Oknum Pejuang Tanah Adat Diduga Peras Petani Jurang Koak

  • Whatsapp
Keindahan wisata alam Jurang Koak. / Foto : muhammadsawaludin.blogspot.com

LOMBOK TIMUR, NTBPOS.com – Oknum pejuang tanah adat diuduga telah melakukan pemerasan terhadap para petani yang menggarap lahan di kawasan hutan lindung taman Nasional Gunung Rinjani (TNGR). Bukan hanya diperas petani juga sering dintimidasi, untuk mempertahankan lahan hutan lindung tersebut sebagai tanah adat.

Dugaan pemerasan dan intimidasi yang dilakukan oknum pejuang adat tersebut, di ungkapkan salah seorang petani jurang koak Usman Wijaya saat menghadiri acara mediasi di Kantor Bupati Lombok Timur, Senin, 7 Oktober 2019 kemarin.
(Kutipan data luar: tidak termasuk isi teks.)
text \<open>The bias of a neuron \<open>z\<close> of maximal layer moves only the equation of \<open>z\<close>, and that one in the
  direction \<open>(0, 1)\<close>; so for each choice of the remaining parameters at most one value of the bias
  makes the row of \<open>z\<close> a consistent combination of the others.\<close>

lemma null_sets_frozen_row_in_span:
  assumes "z \<in> neurons d width" "z \<notin> T" "finite T" and below: "\<And>t. t \<in> T \<Longrightarrow> fst t \<le> fst z"
  shows "{\<theta> \<in> space (param_lebesgue d width E).
            frozen_row width E A \<theta> z \<in> span (frozen_row width E A \<theta> ` T) \<and>
            (0, 1) \<notin> span (frozen_row width E A \<theta> ` T)} \<in> null_sets (param_lebesgue d width E)"
    (is "?N \<in> null_sets ?L")
proof -
  let ?R = "frozen_row width E A"
  obtain ts where ts: "set ts = T" using finite_list[OF \<open>finite T\<close>] by blast
  have "?N = {\<theta> \<in> space ?L. span_proj (?R \<theta>) ts (?R \<theta> z) = ?R \<theta> z \<and>
      span_proj (?R \<theta>) ts (0, 1) \<noteq> (0, 1)}"
    by (simp add: span_proj_eq_iff_in_span ts)
  also have "\<dots> \<in> sets ?L"
  proof -
    have proj_z: "(\<lambda>\<theta>. span_proj (?R \<theta>) ts (?R \<theta> z)) \<in> borel_measurable ?L"
      and proj_unit: "(\<lambda>\<theta>. span_proj (?R \<theta>) ts (0, 1)) \<in> borel_measurable ?L"
      and proj_row: "(\<lambda>\<theta>. ?R \<theta> z) \<in> borel_measurable ?L"
      unfolding param_lebesgue_def by (rule borel_measurable_span_proj; simp)+ simp
    have "{\<theta> \<in> space ?L. span_proj (?R \<theta>) ts (?R \<theta> z) = ?R \<theta> z} \<in> sets ?L"
      using proj_z proj_row by measurable
    moreover have "{\<theta> \<in> space ?L. span_proj (?R \<theta>) ts (0, 1) = (0, 1)} \<in> sets ?L"
      using proj_unit by measurable
    ultimately show ?thesis
      by (auto elim!: back_subst[of "\<lambda>X. X \<in> sets ?L"] intro: sets.Diff sets.Int)
  qed
  finally have N: "?N \<in> sets ?L" .
  have rows: "?R (\<theta>(Bs z := b)) t = ?R \<theta> t" if "t \<in> T" for \<theta> b t
    using that below \<open>z \<notin> T\<close>
    by (auto simp: frozen_row_def frozen_coeff_upd_bias frozen_offset_upd_bias)
  have row_z: "?R \<theta> z - ?R (\<theta>(Bs z := b)) z = (b - \<theta> (Bs z)) *\<^sub>R (0, 1)" for \<theta> b
    by (simp add: frozen_row_def frozen_coeff_upd_bias frozen_offset_upd_bias)
  have "b = \<theta> (Bs z)" if "\<theta> \<in> ?N" "\<theta>(Bs z := b) \<in> ?N" for \<theta> b
  proof (rule ccontr)
    assume "b \<noteq> \<theta> (Bs z)"
    have "?R (\<theta>(Bs z := b)) ` T = ?R \<theta> ` T" by (rule image_cong) (simp_all add: rows)
    then have "(b - \<theta> (Bs z)) *\<^sub>R (0, 1) \<in> span (?R \<theta> ` T)"
      using that unfolding row_z[symmetric] by (auto intro: span_diff)
    then have "inverse (b - \<theta> (Bs z)) *\<^sub>R (b - \<theta> (Bs z)) *\<^sub>R (0, 1)
        \<in> span (?R \<theta> ` T)"
      by (rule span_scale)
    with \<open>b \<noteq> \<theta> (Bs z)\<close> that show False by simp
  qed
  moreover have "Bs z \<in> params d width E" using assms(1) by (cases z) (simp add: params_def)
  ultimately have "emeasure ?L ?N = 0"
    unfolding param_lebesgue_def
    by (intro emeasure_PiM_lborel_eq_0_if_coordinate_unique[OF finite_params])
      (use N in \<open>auto simp: param_lebesgue_def\<close>)
  with N show ?thesis by (simp add: null_sets_def)
qed
lemma step_mean_mono:
  assumes "prob_vector p" "\<And>p'. G p' \<le> H p'"
  shows "step_mean G p s \<le> step_mean H p s"
  unfolding step_mean_def using prob_vector_pos[OF assms(1)] r0 r1 assms(2)
  by (intro sum_mono mult_left_mono add_mono) (auto intro: less_imp_le)

definition leader_gain :: "('a \<Rightarrow> real) \<Rightarrow> real" where
  "leader_gain p = (\<Sum>c\<in>UNIV-{astar}. samba_rate \<beta> (p c) * (p c)\<^sup>2)"

lemma samba_rate_prob_vector_nonneg:
  "prob_vector p \<Longrightarrow> 0 \<le> samba_rate \<beta> (p c)"
  using samba_rate_nonneg beta prob_vector_pos prob_vector_le_1 by (metis less_imp_le)

lemma leader_gain_nonneg: "prob_vector p \<Longrightarrow> 0 \<le> leader_gain p"
  unfolding leader_gain_def using samba_rate_prob_vector_nonneg
  by (intro sum_nonneg mult_nonneg_nonneg) auto

definition gain_floor :: "real \<Rightarrow> real" where
  "gain_floor e = samba_rate \<beta> (e / real CARD('a)) * (e / real CARD('a))\<^sup>2"

lemma gain_floor_pos: "0 < e \<Longrightarrow> e \<le> 1 \<Longrightarrow> 0 < gain_floor e"
proof -
  assume e: "0 < e" "e \<le> 1"
  have c: "1 \<le> real CARD('a)" by (simp add: Suc_leI)
  have "e \<le> real CARD('a)" using e c by linarith
  then have "e / real CARD('a) \<le> 1" by (simp add: divide_le_eq)
  then have "0 < samba_rate \<beta> (e / real CARD('a))" using e by (intro samba_rate_pos beta) auto
  then show ?thesis unfolding gain_floor_def using e by simp
qed

lemma leader_gain_ge:
  assumes "prob_vector p" "0 < e" "e \<le> 1 - p astar"
  shows "gain_floor e \<le> leader_gain p"
proof -
  obtain a where a: "a \<noteq> astar" "e / real CARD('a) \<le> p a"
    using prob_vector_exists_large[OF assms] by blast
  have c: "0 < real CARD('a)" by simp
  have "gain_floor e \<le> samba_rate \<beta> (p a) * (p a)\<^sup>2" unfolding gain_floor_def
    using a c assms prob_vector_le_1[OF assms(1), of a] prob_vector_pos[OF assms(1), of a] beta
    by (intro mult_mono samba_rate_mono power_mono) (auto intro!: samba_rate_nonneg)
  also have "\<dots> = (\<Sum>c\<in>{a}. samba_rate \<beta> (p c) * (p c)\<^sup>2)" by simp
  also have "\<dots> \<le> leader_gain p" unfolding leader_gain_def
    using a samba_rate_prob_vector_nonneg[OF assms(1)]
    by (intro sum_mono2) auto
  finally show ?thesis .
qed

lemma jump_leader_self: "J p astar astar astar = p astar + leader_gain p / p astar"
  unfolding samba_jump_def leader_gain_def by (simp add: sum_divide_distrib)

lemma jump_leader_other:
  "b \<noteq> astar \<Longrightarrow> J p astar b astar = p astar - samba_rate \<beta> (p b) * p b"
  unfolding samba_jump_def by simp

lemma jump_nonleader_leader:
  "s \<noteq> astar \<Longrightarrow> J p s s astar = p astar - samba_rate \<beta> (p astar) * (p astar)\<^sup>2 / p s"
  unfolding samba_jump_def by simp

lemma jump_nonleader_optimal:
  "s \<noteq> astar \<Longrightarrow> J p s astar astar = p astar + samba_rate \<beta> (p astar) * p astar"
  unfolding samba_jump_def by simp

lemma jump_nonleader_other:
  "s \<noteq> astar \<Longrightarrow> b \<noteq> s \<Longrightarrow> b \<noteq> astar \<Longrightarrow> J p s b astar = p astar"
  unfolding samba_jump_def by simp

lemma drift_sum_leader:
  assumes "prob_vector p"
  shows "(\<Sum>b\<in>UNIV. p b * r b * (\<phi> (J p astar b astar) - \<phi> (p astar)))
       = p astar * r astar * (\<phi> (p astar + leader_gain p / p astar) - \<phi> (p astar))
         + (\<Sum>b\<in>UNIV-{astar}. p b * r b * (\<phi> (p astar - samba_rate \<beta> (p b) * p b) - \<phi> (p astar)))"
  by (subst sum.remove[of UNIV astar]) (simp_all add: jump_leader_self jump_leader_other)

lemma drift_sum_nonleader:
  assumes "prob_vector p" "s \<noteq> astar"
  shows "(\<Sum>b\<in>UNIV. p b * r b * (\<phi> (J p s b astar) - \<phi> (p astar)))
       = p astar * r astar * (\<phi> (p astar + samba_rate \<beta> (p astar) * p astar) - \<phi> (p astar))
         + p s * r s * (\<phi> (p astar - samba_rate \<beta> (p astar) * (p astar)\<^sup>2 / p s) - \<phi> (p astar))"
proof -
  have "(\<Sum>b\<in>UNIV. p b * r b * (\<phi> (J p s b astar) - \<phi> (p astar)))
      = (\<Sum>b\<in>{astar, s}. p b * r b * (\<phi> (J p s b astar) - \<phi> (p astar)))"
    by (rule sum.mono_neutral_right) (auto simp: jump_nonleader_other assms)
  also have "\<dots> = p astar * r astar * (\<phi> (J p s astar astar) - \<phi> (p astar))
               + p s * r s * (\<phi> (J p s s astar) - \<phi> (p astar))"
    using assms by simp
  finally show ?thesis using assms by (simp add: jump_nonleader_leader jump_nonleader_optimal)
qed

lemma q_drift_leader:
  assumes "prob_vector p"
  shows "(\<Sum>b\<in>UNIV. p b * r b * ((1 - J p astar b astar) - (1 - p astar))) \<le> - D * leader_gain p"
proof -
  have ps: "0 < p astar" using prob_vector_pos[OF assms] by simp
  have "(\<Sum>b\<in>UNIV. p b * r b * ((1 - J p astar b astar) - (1 - p astar)))
     = p astar * r astar * ((1 - (p astar + leader_gain p / p astar)) - (1 - p astar))
         + (\<Sum>b\<in>UNIV-{astar}. p b * r b * ((1 - (p astar - samba_rate \<beta> (p b) * p b)) - (1 - p astar)))"
    using drift_sum_leader[OF assms, of "\<lambda>y. 1 - y"] by simp
  also have "\<dots> = - (r astar * leader_gain p)
               + (\<Sum>b\<in>UNIV-{astar}. r b * (samba_rate \<beta> (p b) * (p b)\<^sup>2))"
    using ps by (simp add: power2_eq_square algebra_simps)
  also have "\<dots> = - (\<Sum>b\<in>UNIV-{astar}. (r astar - r b) * (samba_rate \<beta> (p b) * (p b)\<^sup>2))"
    unfolding leader_gain_def by (simp add: sum_distrib_left sum_subtractf algebra_simps)
  also have "\<dots> \<le> - (\<Sum>b\<in>UNIV-{astar}. D * (samba_rate \<beta> (p b) * (p b)\<^sup>2))"
    using gap samba_rate_prob_vector_nonneg[OF assms]
    by (intro le_imp_neg_le sum_mono mult_right_mono) (auto simp: algebra_simps)
  also have "\<dots> = - D * leader_gain p" unfolding leader_gain_def sum_distrib_left[symmetric] by simp
  finally show ?thesis .
qed
(* Let $\mathcal{L}_{\mathrm{std}}=\{u,u^2,u^3,u_x,u_{xx},u_{xxx},u_{xxxx},u\cdot u_x,u\cdot u_{xx},u^2\cdot u_x\}$ and $\mathcal{L}_G^{\mathrm{theory}}=\{u_x,u_{xx},u_{xxx},u_{xxxx},u\cdot u_x\}$. Consider the family of autonomous evolution PDEs $u_t=F$ where $F$ is a real linear combination of the terms of $\mathcal{L}_{\mathrm{std}}$ (and the functions $1,u,u^2,u_x,u_{xx},u\cdot u_x$ are linearly independent on the jet space $J^{(2)}$). Then $\mathcal{L}_G^{\mathrm{theory}}$ is the unique maximal sublibrary of $\mathcal{L}_{\mathrm{std}}$ consisting of terms that can appear (with a free coefficient, or, for $u\cdot u_x$, with the fixed Galilean coefficient $-1$) in some PDE of this family admitting the Galilean generator $t\partial_x+\partial_u$: every term of $\mathcal{L}_G^{\mathrm{theory}}$ appears with nonzero coefficient in at least one Galilean-invariant PDE of the family, and no term of $\mathcal{L}_{\mathrm{std}}\setminus\mathcal{L}_G^{\mathrm{theory}}$ can appear with nonzero coefficient in any Galilean-invariant PDE of the family.
   Context: $u=u(x,t)$ is a scalar field, subscripts denote partial derivatives. A PDE $u_t=F$ admits (is invariant under) the Galilean generator $\mathbf v=t\partial_x+\partial_u$ if the prolonged vector field $\mathrm{pr}\,\mathbf v$ annihilates $u_t-F$ on solutions; equivalently, the Galilean boost $(x,t,u)\mapsto(x+ct,t,u+c)$ maps solutions to solutions for all $c\in\mathbb R$. *)

theory Defs
  imports Complex_Main
begin

record jet =
  jx :: real
  jt :: real
  ju :: real
  ju1 :: real
  ju2 :: real
  ju3 :: real
  ju4 :: real
  jut :: real

datatype lterm = T_u | T_u2 | T_u3 | T_ux | T_uxx | T_uxxx | T_uxxxx
  | T_uux | T_uuxx | T_u2ux

fun eval_term :: "lterm \<Rightarrow> jet \<Rightarrow> real" where
  "eval_term T_u z = ju z"
| "eval_term T_u2 z = (ju z)^2"
| "eval_term T_u3 z = (ju z)^3"
| "eval_term T_ux z = ju1 z"
| "eval_term T_uxx z = ju2 z"
| "eval_term T_uxxx z = ju3 z"
| "eval_term T_uxxxx z = ju4 z"
| "eval_term T_uux z = ju z * ju1 z"
| "eval_term T_uuxx z = ju z * ju2 z"
| "eval_term T_u2ux z = (ju z)^2 * ju1 z"

definition L_std :: "lterm set" where
  "L_std = {T_u, T_u2, T_u3, T_ux, T_uxx, T_uxxx, T_uxxxx, T_uux, T_uuxx, T_u2ux}"

definition L_G_theory :: "lterm set" where
  "L_G_theory = {T_ux, T_uxx, T_uxxx, T_uxxxx, T_uux}"

definition rhs :: "(lterm \<Rightarrow> real) \<Rightarrow> jet \<Rightarrow> real" where
  "rhs c z = (\<Sum>\<tau>\<in>L_std. c \<tau> * eval_term \<tau> z)"

text \<open>Prolongation (to the jet coordinates above) of the Galilean boost
  (x,t,u) \<mapsto> (x + e t, t, u + e): by the chain rule, x-derivatives of u are
  unchanged and u_t becomes u_t - e u_x.\<close>
definition boost_jet :: "real \<Rightarrow> jet \<Rightarrow> jet" where
  "boost_jet e z = z\<lparr> jx := jx z + e * jt z, ju := ju z + e, jut := jut z - e * ju1 z \<rparr>"

text \<open>Prolonged vector field pr v applied to a function G on the jet space,
  as the infinitesimal generator of the prolonged boost group.\<close>
definition pr_v :: "(jet \<Rightarrow> real) \<Rightarrow> jet \<Rightarrow> real \<Rightarrow> bool" where
  "pr_v G z D \<longleftrightarrow> ((\<lambda>e. G (boost_jet e z)) has_real_derivative D) (at 0)"

definition galilean_invariant :: "(lterm \<Rightarrow> real) \<Rightarrow> bool" where
  "galilean_invariant c \<longleftrightarrow>
     (\<forall>z. jut z = rhs c z \<longrightarrow> pr_v (\<lambda>w. jut w - rhs c w) z 0)"

end

theory Submission
  imports Defs
begin

text \<open>The boost shifts u by e and u_t by -e u_x and leaves u_x, u_xx, ... fixed, so
  pr v (u_t - F) = -(u_x + dF/du). This expression does not involve u_t, hence the
  restriction to solutions is void and invariance means that the polynomial
  u_x + dF/du vanishes identically in (u, u_x, u_xx). Since 1, u, u^2, u_x, u_xx, u u_x
  are linearly independent, this forces the coefficients of u, u^2, u^3, u u_xx, u^2 u_x
  to vanish and that of u u_x to be -1, while those of u_x, ..., u_xxxx stay free.\<close>

lemma jet2_monomials_independent:
  fixes a b c d e f :: real
  shows "(\<forall>u u1 u2. a + b * u + c * u\<^sup>2 + d * u1 + e * u2 + f * u * u1 = 0)
     \<longleftrightarrow> a = 0 \<and> b = 0 \<and> c = 0 \<and> d = 0 \<and> e = 0 \<and> f = 0"
proof
  assume p: "\<forall>u u1 u2. a + b * u + c * u\<^sup>2 + d * u1 + e * u2 + f * u * u1 = 0"
  have a: "a = 0" using p[rule_format, of 0 0 0] by simp
  have d: "d = 0" using p[rule_format, of 0 1 0] a by simp
  have e: "e = 0" using p[rule_format, of 0 0 1] a by simp
  have "b + c = 0" "- b + c = 0"
    using p[rule_format, of 1 0 0] p[rule_format, of "-1" 0 0] a by simp_all
  then have b: "b = 0" and c: "c = 0" by linarith+
  have f: "f = 0" using p[rule_format, of 1 1 0] a b c d by simp
  show "a = 0 \<and> b = 0 \<and> c = 0 \<and> d = 0 \<and> e = 0 \<and> f = 0"
    using a b c d e f by blast
qed simp

lemma rhs_expand:
  "rhs c z = c T_u * ju z + c T_u2 * (ju z)\<^sup>2 + c T_u3 * (ju z)^3
     + c T_ux * ju1 z + c T_uxx * ju2 z + c T_uxxx * ju3 z + c T_uxxxx * ju4 z
     + c T_uux * (ju z * ju1 z) + c T_uuxx * (ju z * ju2 z) + c T_u2ux * ((ju z)\<^sup>2 * ju1 z)"
  by (simp add: rhs_def L_std_def algebra_simps)

definition rhs_du :: "(lterm \<Rightarrow> real) \<Rightarrow> jet \<Rightarrow> real" where
  "rhs_du c z = c T_u + 2 * c T_u2 * ju z + 3 * c T_u3 * (ju z)\<^sup>2
     + c T_uux * ju1 z + c T_uuxx * ju2 z + 2 * c T_u2ux * ju z * ju1 z"

lemma rhs_boost_has_derivative:
  "((\<lambda>e. rhs c (boost_jet e z)) has_real_derivative rhs_du c z) (at 0)"
  unfolding rhs_expand boost_jet_def rhs_du_def
  by (auto intro!: derivative_eq_intros simp: algebra_simps power2_eq_square)

lemma pr_v_galilean:
  "pr_v (\<lambda>w. jut w - rhs c w) z (- (ju1 z + rhs_du c z))"
proof -
  have "((\<lambda>e. jut z - e * ju1 z) has_real_derivative - ju1 z) (at 0)"
    by (auto intro!: derivative_eq_intros)
  then show ?thesis
    unfolding pr_v_def using rhs_boost_has_derivative[of c z]
    by (auto intro: derivative_eq_intros simp: boost_jet_def)
qed

lemma galilean_invariant_iff_rhs_du:
  "galilean_invariant c \<longleftrightarrow> (\<forall>z. ju1 z + rhs_du c z = 0)"
proof
  assume inv: "galilean_invariant c"
  show "\<forall>z. ju1 z + rhs_du c z = 0"
  proof
    fix z
    define s where "s = z\<lparr>jut := rhs c z\<rparr>"
    have "jut s = rhs c s" by (simp add: s_def rhs_expand)
    with inv have "pr_v (\<lambda>w. jut w - rhs c w) s 0"
      unfolding galilean_invariant_def by blast
    then have "- (ju1 s + rhs_du c s) = 0"
      using pr_v_galilean[of c s] DERIV_unique unfolding pr_v_def by blast
    then show "ju1 z + rhs_du c z = 0" by (simp add: s_def rhs_du_def)
  qed
next
  assume "\<forall>z. ju1 z + rhs_du c z = 0"
  then show "galilean_invariant c"
    unfolding galilean_invariant_def using pr_v_galilean by (metis neg_0_equal_iff_equal)
qed

lemma galilean_invariant_iff_coeffs:
  "galilean_invariant c \<longleftrightarrow>
     c T_u = 0 \<and> c T_u2 = 0 \<and> c T_u3 = 0 \<and> c T_uuxx = 0 \<and> c T_u2ux = 0 \<and> c T_uux = -1"
proof -
  let ?P = "\<lambda>u u1 u2. c T_u + 2 * c T_u2 * u + 3 * c T_u3 * u\<^sup>2
      + (1 + c T_uux) * u1 + c T_uuxx * u2 + 2 * c T_u2ux * u * u1"
  have "galilean_invariant c \<longleftrightarrow> (\<forall>z. ju1 z + rhs_du c z = 0)"
    by (rule galilean_invariant_iff_rhs_du)
  also have "\<dots> \<longleftrightarrow> (\<forall>u u1 u2. ?P u u1 u2 = 0)"
  proof
    assume jets: "\<forall>z. ju1 z + rhs_du c z = 0"
    show "\<forall>u u1 u2. ?P u u1 u2 = 0"
    proof (intro allI)
      fix u u1 u2 :: real
      have "ju1 z + rhs_du c z = 0"
        if "z = \<lparr>jx = 0, jt = 0, ju = u, ju1 = u1, ju2 = u2, ju3 = 0, ju4 = 0, jut = 0\<rparr>" for z
        using jets by blast
      then show "?P u u1 u2 = 0" by (simp add: rhs_du_def algebra_simps)
    qed
  qed (simp add: rhs_du_def algebra_simps)
  also have "\<dots> \<longleftrightarrow>
      c T_u = 0 \<and> c T_u2 = 0 \<and> c T_u3 = 0 \<and> c T_uuxx = 0 \<and> c T_u2ux = 0 \<and> c T_uux = -1"
    unfolding jet2_monomials_independent by auto
  finally show ?thesis .
qed

theorem mainTheorem2:
  shows "L_G_theory = {\<tau> \<in> L_std. \<exists>c. galilean_invariant c \<and> c \<tau> \<noteq> 0}
         \<and> (\<forall>c. galilean_invariant c \<longrightarrow> c T_uux = -1)"
proof -
  define c0 :: "lterm \<Rightarrow> real" where
    "c0 = (\<lambda>\<tau>. if \<tau> \<in> L_G_theory then (if \<tau> = T_uux then -1 else 1) else 0)"
  have "galilean_invariant c0"
    by (simp add: galilean_invariant_iff_coeffs c0_def L_G_theory_def)
  then have "L_G_theory \<subseteq> {\<tau> \<in> L_std. \<exists>c. galilean_invariant c \<and> c \<tau> \<noteq> 0}"
    by (auto simp: L_G_theory_def L_std_def c0_def)
  moreover have "\<tau> \<in> L_G_theory" if "galilean_invariant c" "c \<tau> \<noteq> 0" for c \<tau>
    using that by (cases \<tau>) (auto simp: galilean_invariant_iff_coeffs L_G_theory_def)
  ultimately show ?thesis
    using galilean_invariant_iff_coeffs by blast
qed

end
“Setiap petani yang menggarap lahan diwajibkan menyerahkan upeti berupa uang tunai sejumlah 500 ribu rupiah, serta hasil panen padi sejumlah satu awin atau satu iket setiap kali musim panen” ungkap Usman.
Upeti itu diserahkan ke oknum pejuang tanah adat jurang koak.

“Jika tidak membayar upeti maka petani tersebut akan diekeluarkan dari lahan garapan tersebut” tegas Usman.

Bukan hanya mewajibkan pembayaran upeti, petani juga kerap di intimidasi untuk mempertahankan kawasan lahan sengketa tersebut sebagai tanah adat yang merupakan warisan nenek moyang mereka bukan termasuk kawasan hutan lindung TNGR.

Baca Juga

Hal sendada juga diungkapkan kepala desa jurang koak Harmaen, petani yang menggarap lahan hutan lindung tersebut sering mendapat intimidasi dari para pejuang adat, tujuan tidak lain untuk tetap mengusai lahan tersebut.

“Dugaan saya intimidasi yang dilakukan oleh pejuang tanah adat tersebut, agar mereka tetap mengusai lahan” tegas Harmaen.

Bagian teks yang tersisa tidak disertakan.